Overall, these findings show that consistent receptor-level contributions can be identified across studies, demonstrating that learning-related activity is systematically shaped by the brain’s underlying neuromodulatory architecture.

3 Discussion

Across four probabilistic learning studies, we found that the cortical topography of confidence was strongly invariant, and that surprise showed partial invariance. We hypothesized that such stable functional patterns arise, in part, from the brain’s underlying receptor architecture. Supporting this view, both confidence- and surprise-related maps were partly predicted by cortical receptor and transporter distributions, allowing us to identify specific neuromodulatory pathways that appear to contribute to these representations.

The strong invariance of confidence representations across all probability and reward learning tasks suggests engagement of domain-general neural mechanisms (for a similar question in metacognition, see: 38; 39).
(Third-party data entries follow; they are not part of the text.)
(* For all integers $m\ge1$ and $n,h,r\ge0$, $$\mathcal D_{m,r}(n+h,u)=\sum_{k=0}^n\sum_{j=0}^h\binom nk\,\mathcal D_{m,r}(k,u)\,W_{m,r}(h,j)\,u^j\,j^{\,n-k}m^{\,n-k},$$ with the convention $0^0=1$.
   Context: For integers $m\ge1$, $n,k,r\ge0$, $W_{m,r}(n,k)$ denotes the $r$-Whitney number of the second kind, defined by $\sum_{n\ge k}W_{m,r}(n,k)\frac{z^n}{n!}=\frac{e^{rz}}{k!}\left(\frac{e^{mz}-1}{m}\right)^k$ (and $W_{m,r}(n,k)=0$ if $k<0$ or $k>n$). The $r$-Dowling polynomial is $\mathcal D_{m,r}(n,u):=\sum_{k=0}^nW_{m,r}(n,k)u^k$. *)

theory Defs
  imports "HOL-Computational_Algebra.Formal_Power_Series"
begin

text \<open>r-Whitney numbers of the second kind, defined via their exponential generating
  function: sum over n of W m r n k z^n/n! = e^(rz)/k! ((e^(mz)-1)/m)^k.
  For k > n the coefficient vanishes automatically.\<close>
definition whitney2 :: "nat \<Rightarrow> nat \<Rightarrow> nat \<Rightarrow> nat \<Rightarrow> real" where
  "whitney2 m r n k =
     fact n * fps_nth (fps_exp (real r) * fps_const (1 / fact k) *
        ((fps_exp (real m) - 1) * fps_const (1 / real m)) ^ k) n"

definition dowling :: "nat \<Rightarrow> nat \<Rightarrow> nat \<Rightarrow> real \<Rightarrow> real" where
  "dowling m r n u = (\<Sum>k=0..n. whitney2 m r n k * u ^ k)"

end

theory Submission
  imports Defs
begin

text \<open>The exponential generating function of the Dowling polynomials is
  F(z) = e^(rz) exp(u (e^(mz) - 1)/m). By the triangular recurrence
  W(h+1,j) = (r + mj) W(h,j) + W(h,j-1) and induction on h, the h-th derivative of F is
  F \<cdot> P_h with P_h(z) = \<Sum>_j W(h,j) u^j e^(jmz). The n-th coefficient of this derivative
  is D(n+h)/n!, and expanding the Cauchy product of F and P_h gives the right-hand side.\<close>

unbundle fps_syntax

lemma fps_power_nth_below:
  fixes f :: "'a::idom fps"
  assumes "f $ 0 = 0" and "n < k"
  shows "(f ^ k) $ n = 0"
proof (cases "f = 0")
  case True
  with assms(2) show ?thesis by (cases k) auto
next
  case False
  with assms(1) have "1 \<le> subdegree f"
    by (simp add: Suc_le_eq subdegree_eq_0_iff flip: neq0_conv)
  with assms(2) have "n < k * subdegree f"
    by (metis less_le_trans mult.right_neutral mult_le_mono2)
  then show ?thesis by (rule fps_pow_nth_below_subdegree)
qed

lemma fact_mult_funpow_fps_deriv_nth:
  fixes f :: "'a::{comm_semiring_1, semiring_char_0} fps"
  shows "fact n * (fps_deriv ^^ h) f $ n = fact (n + h) * f $ (n + h)"
proof (induction h arbitrary: f)
  case (Suc h)
  have "fact n * (fps_deriv ^^ Suc h) f $ n = fact (n + h) * fps_deriv f $ (n + h)"
    by (simp only: funpow_Suc_right o_apply Suc)
  also have "\<dots> = fact (n + Suc h) * f $ (n + Suc h)"
    by (simp add: algebra_simps)
  finally show ?case .
qed simp

definition whitney_base :: "nat \<Rightarrow> real fps" where
  "whitney_base m = (fps_exp (real m) - 1) * fps_const (1 / real m)"

definition whitney_egf :: "nat \<Rightarrow> nat \<Rightarrow> nat \<Rightarrow> real fps" where
  "whitney_egf m r k = fps_exp (real r) * fps_const (1 / fact k) * whitney_base m ^ k"

lemma whitney2_eq_egf_nth: "whitney2 m r n k = fact n * whitney_egf m r k $ n"
  unfolding whitney2_def whitney_egf_def whitney_base_def by simp

lemma whitney_base_nth_0 [simp]: "whitney_base m $ 0 = 0"
  by (simp add: whitney_base_def)

lemma whitney_egf_nth_below: "n < k \<Longrightarrow> whitney_egf m r k $ n = 0"
  unfolding whitney_egf_def fps_mult_nth[of _ "whitney_base m ^ k"]
  by (auto intro!: sum.neutral fps_power_nth_below)

lemma whitney2_eq_0: "n < k \<Longrightarrow> whitney2 m r n k = 0"
  by (simp add: whitney2_eq_egf_nth whitney_egf_nth_below)

lemma fps_deriv_whitney_base: "m \<ge> 1 \<Longrightarrow> fps_deriv (whitney_base m) = fps_exp (real m)"
  by (simp add: whitney_base_def)

lemma fps_exp_eq_whitney_base:
  assumes "m \<ge> 1"
  shows "fps_exp (real m) = fps_const (real m) * whitney_base m + 1"
proof -
  have "fps_const (real m) * whitney_base m
      = (fps_exp (real m) - 1) * (fps_const (real m) * fps_const (1 / real m))"
    by (simp add: whitney_base_def mult_ac)
  also have "\<dots> = fps_exp (real m) - 1"
    using assms by simp
  finally show ?thesis by simp
qed

lemma fps_deriv_whitney_egf_0:
  "fps_deriv (whitney_egf m r 0) = fps_const (real r) * whitney_egf m r 0"
  by (simp add: whitney_egf_def)

lemma fps_deriv_whitney_egf_Suc:
  assumes "m \<ge> 1"
  shows "fps_deriv (whitney_egf m r (Suc j))
    = fps_const (real r + real m * real (Suc j)) * whitney_egf m r (Suc j) + whitney_egf m r j"
proof -
  define E Y where "E = fps_exp (real r)" and "Y = whitney_base m"
  have egf: "whitney_egf m r k = fps_const (1 / fact k) * (E * Y ^ k)" for k
    by (simp add: whitney_egf_def E_def Y_def mult_ac)
  have "fps_deriv (Y ^ Suc j) = fps_const (real (Suc j)) * (fps_const (real m) * Y + 1) * Y ^ j"
    using assms unfolding fps_deriv_power
    by (simp add: Y_def fps_deriv_whitney_base fps_exp_eq_whitney_base)
  then have "fps_deriv (whitney_egf m r (Suc j))
      = fps_const (1 / fact (Suc j)) * (fps_const (real r) * E * Y ^ Suc j
        + E * (fps_const (real (Suc j)) * (fps_const (real m) * Y + 1) * Y ^ j))"
    unfolding egf fps_deriv_mult_const_left fps_deriv_mult by (simp add: E_def)
  also have "\<dots> = fps_const (real r + real m * real (Suc j)) * whitney_egf m r (Suc j)
      + fps_const (real (Suc j) / fact (Suc j)) * (E * Y ^ j)"
    unfolding egf by (simp add: algebra_simps del: fact_Suc of_nat_Suc flip: fps_const_add)
  also have "real (Suc j) / fact (Suc j) = 1 / fact j"
    by simp
  finally show ?thesis
    by (simp only: egf)
qed

lemma whitney2_Suc_0: "whitney2 m r (Suc n) 0 = real r * whitney2 m r n 0"
proof -
  have "whitney2 m r (Suc n) 0 = fact n * fps_deriv (whitney_egf m r 0) $ n"
    by (simp add: whitney2_eq_egf_nth algebra_simps)
  then show ?thesis
    by (simp add: fps_deriv_whitney_egf_0 whitney2_eq_egf_nth algebra_simps)
qed

lemma whitney2_Suc_Suc:
  assumes "m \<ge> 1"
  shows "whitney2 m r (Suc n) (Suc j)
    = (real r + real m * real (Suc j)) * whitney2 m r n (Suc j) + whitney2 m r n j"
proof -
  have "whitney2 m r (Suc n) (Suc j) = fact n * fps_deriv (whitney_egf m r (Suc j)) $ n"
    by (simp add: whitney2_eq_egf_nth algebra_simps)
  then show ?thesis
    by (simp add: fps_deriv_whitney_egf_Suc[OF assms] whitney2_eq_egf_nth algebra_simps)
qed

definition dowling_egf :: "nat \<Rightarrow> nat \<Rightarrow> real \<Rightarrow> real fps" where
  "dowling_egf m r u = fps_exp (real r) * (fps_exp u oo whitney_base m)"

lemma fps_exp_compose_whitney_base_nth:
  assumes "t \<le> n"
  shows "(fps_exp u oo whitney_base m) $ t = (\<Sum>k=0..n. u ^ k / fact k * (whitney_base m ^ k) $ t)"
proof -
  have "(fps_exp u oo whitney_base m) $ t = (\<Sum>k=0..t. u ^ k / fact k * (whitney_base m ^ k) $ t)"
    by (simp add: fps_compose_nth)
  also have "\<dots> = (\<Sum>k=0..n. u ^ k / fact k * (whitney_base m ^ k) $ t)"
    using assms by (intro sum.mono_neutral_left) (auto simp: fps_power_nth_below)
  finally show ?thesis .
qed

lemma dowling_egf_nth: "dowling_egf m r u $ n = (\<Sum>k=0..n. u ^ k * whitney_egf m r k $ n)"
proof -
  have "dowling_egf m r u $ n = (\<Sum>i=0..n. real r ^ i / fact i
      * (\<Sum>k=0..n. u ^ k / fact k * (whitney_base m ^ k) $ (n - i)))"
    unfolding dowling_egf_def fps_mult_nth
    by (intro sum.cong refl) (simp add: fps_exp_compose_whitney_base_nth[of _ n])
  also have "\<dots> = (\<Sum>k=0..n. u ^ k * (\<Sum>i=0..n. real r ^ i / fact i * (1 / fact k)
      * (whitney_base m ^ k) $ (n - i)))"
    unfolding sum_distrib_left by (subst sum.swap) (simp add: mult_ac)
  also have "\<dots> = (\<Sum>k=0..n. u ^ k * whitney_egf m r k $ n)"
    by (simp add: whitney_egf_def fps_mult_nth[of _ "whitney_base m ^ _"])
  finally show ?thesis .
qed

lemma dowling_eq_egf_nth: "dowling m r n u = fact n * dowling_egf m r u $ n"
  by (simp add: dowling_def dowling_egf_nth whitney2_eq_egf_nth sum_distrib_left mult_ac)

lemma fps_deriv_dowling_egf:
  assumes "m \<ge> 1"
  shows "fps_deriv (dowling_egf m r u)
    = (fps_const (real r) + fps_const u * fps_exp (real m)) * dowling_egf m r u"
proof -
  have "fps_deriv (fps_exp u oo whitney_base m)
      = fps_const u * (fps_exp u oo whitney_base m) * fps_exp (real m)"
    using assms
    by (simp add: fps_compose_deriv fps_deriv_whitney_base fps_const_mult_apply_left)
  then show ?thesis
    by (simp add: dowling_egf_def algebra_simps)
qed

definition dowling_deriv_factor :: "nat \<Rightarrow> nat \<Rightarrow> real \<Rightarrow> nat \<Rightarrow> real fps" where
  "dowling_deriv_factor m r u h =
     (\<Sum>j=0..h. fps_const (whitney2 m r h j * u ^ j) * fps_exp (real j * real m))"

lemma dowling_deriv_factor_0 [simp]: "dowling_deriv_factor m r u 0 = 1"
  by (simp add: dowling_deriv_factor_def whitney2_eq_egf_nth whitney_egf_def)

lemma dowling_deriv_factor_Suc:
  assumes "m \<ge> 1"
  shows "dowling_deriv_factor m r u (Suc h)
    = (fps_const (real r) + fps_const u * fps_exp (real m)) * dowling_deriv_factor m r u h
      + fps_deriv (dowling_deriv_factor m r u h)"
proof -
  define T where "T h j = fps_const (whitney2 m r h j * u ^ j) * fps_exp (real j * real m)" for h j
  define P where "P = dowling_deriv_factor m r u h"
  have P_eq: "dowling_deriv_factor m r u k = (\<Sum>j=0..k. T k j)" for k
    by (simp add: dowling_deriv_factor_def T_def)
  have T_deriv: "fps_deriv (T h j) = fps_const (real j * real m) * T h j" for j
    by (simp add: T_def mult_ac)
  have T_Suc_0: "T (Suc h) 0 = fps_const (real r) * T h 0"
    by (simp add: T_def whitney2_Suc_0)
  have T_Suc_Suc: "T (Suc h) (Suc j) = fps_const (real r + real (Suc j) * real m) * T h (Suc j)
      + fps_const u * fps_exp (real m) * T h j" for j
  proof -
    have "fps_exp (real (Suc j) * real m) = fps_exp (real m) * fps_exp (real j * real m)"
      by (simp add: distrib_right flip: fps_exp_add_mult)
    then show ?thesis
      unfolding T_def whitney2_Suc_Suc[OF assms] by (simp add: algebra_simps flip: fps_const_add)
  qed
  have T_top: "T h (Suc h) = 0"
    by (simp add: T_def whitney2_eq_0)
  have "dowling_deriv_factor m r u (Suc h) = T (Suc h) 0 + (\<Sum>j=0..h. T (Suc h) (Suc j))"
    unfolding P_eq sum.atLeast0_atMost_Suc_shift by (simp add: comp_def)
  also have "\<dots> = fps_const (real r) * T h 0
      + (\<Sum>j=0..h. fps_const (real r + real (Suc j) * real m) * T h (Suc j))
      + fps_const u * fps_exp (real m) * P"
    by (simp add: T_Suc_0 T_Suc_Suc P_eq P_def sum.distrib sum_distrib_left add_ac)
  also have "\<dots> = (\<Sum>j=0..Suc h. fps_const (real r + real j * real m) * T h j)
      + fps_const u * fps_exp (real m) * P"
    by (simp only: sum.atLeast0_atMost_Suc_shift) simp
  also have "\<dots> = (\<Sum>j=0..h. fps_const (real r) * T h j + fps_deriv (T h j))
      + fps_const u * fps_exp (real m) * P"
    by (simp add: T_top T_deriv algebra_simps flip: fps_const_add)
  also have "\<dots> = (fps_const (real r) + fps_const u * fps_exp (real m)) * P + fps_deriv P"
    by (simp add: P_def P_eq sum.distrib sum_distrib_left fps_deriv_sum algebra_simps)
  finally show ?thesis
    by (simp only: P_def)
qed

lemma funpow_fps_deriv_dowling_egf:
  assumes "m \<ge> 1"
  shows "(fps_deriv ^^ h) (dowling_egf m r u) = dowling_egf m r u * dowling_deriv_factor m r u h"
proof (induction h)
  case (Suc h)
  then show ?case
    using assms by (simp add: dowling_deriv_factor_Suc fps_deriv_dowling_egf algebra_simps)
qed simp

lemma dowling_deriv_factor_nth:
  "dowling_deriv_factor m r u h $ t
    = (\<Sum>j=0..h. whitney2 m r h j * u ^ j * (real j * real m) ^ t / fact t)"
  by (simp add: dowling_deriv_factor_def fps_sum_nth)

theorem mainTheorem5:
  fixes m n h r :: nat and u :: real
  assumes "m \<ge> 1"
  shows "dowling m r (n + h) u =
    (\<Sum>k=0..n. \<Sum>j=0..h. real (n choose k) * dowling m r k u * whitney2 m r h j
        * u ^ j * real j ^ (n - k) * real m ^ (n - k))"
proof -
  have "dowling m r (n + h) u = fact n * ((fps_deriv ^^ h) (dowling_egf m r u)) $ n"
    by (simp add: dowling_eq_egf_nth fact_mult_funpow_fps_deriv_nth)
  also have "\<dots> = (\<Sum>k=0..n. fact n * dowling_egf m r u $ k * dowling_deriv_factor m r u h $ (n - k))"
    by (simp add: funpow_fps_deriv_dowling_egf[OF assms] fps_mult_nth sum_distrib_left mult_ac)
  also have "\<dots> = (\<Sum>k=0..n. \<Sum>j=0..h. real (n choose k) * dowling m r k u * whitney2 m r h j
        * u ^ j * real j ^ (n - k) * real m ^ (n - k))"
  proof (intro sum.cong refl)
    fix k assume "k \<in> {0..n}"
    then have "fact n = real (n choose k) * fact k * fact (n - k)"
      by (simp add: binomial_fact)
    then show "fact n * dowling_egf m r u $ k * dowling_deriv_factor m r u h $ (n - k)
        = (\<Sum>j=0..h. real (n choose k) * dowling m r k u * whitney2 m r h j
            * u ^ j * real j ^ (n - k) * real m ^ (n - k))"
      by (simp add: dowling_deriv_factor_nth dowling_eq_egf_nth sum_distrib_left
          power_mult_distrib field_simps)
  qed
  finally show ?thesis .
qed

end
This is particularly striking when taking into account that confidence (or its inverse uncertainty) is known to drive learning rate in probability learning, whereas in magnitude learning, learning rate is modulated more strongly by change-point probability (40). Replication in additional magnitude-learning paradigms will be important, but the current evidence points to shared neural mechanisms for confidence across tasks with distinct computational demands.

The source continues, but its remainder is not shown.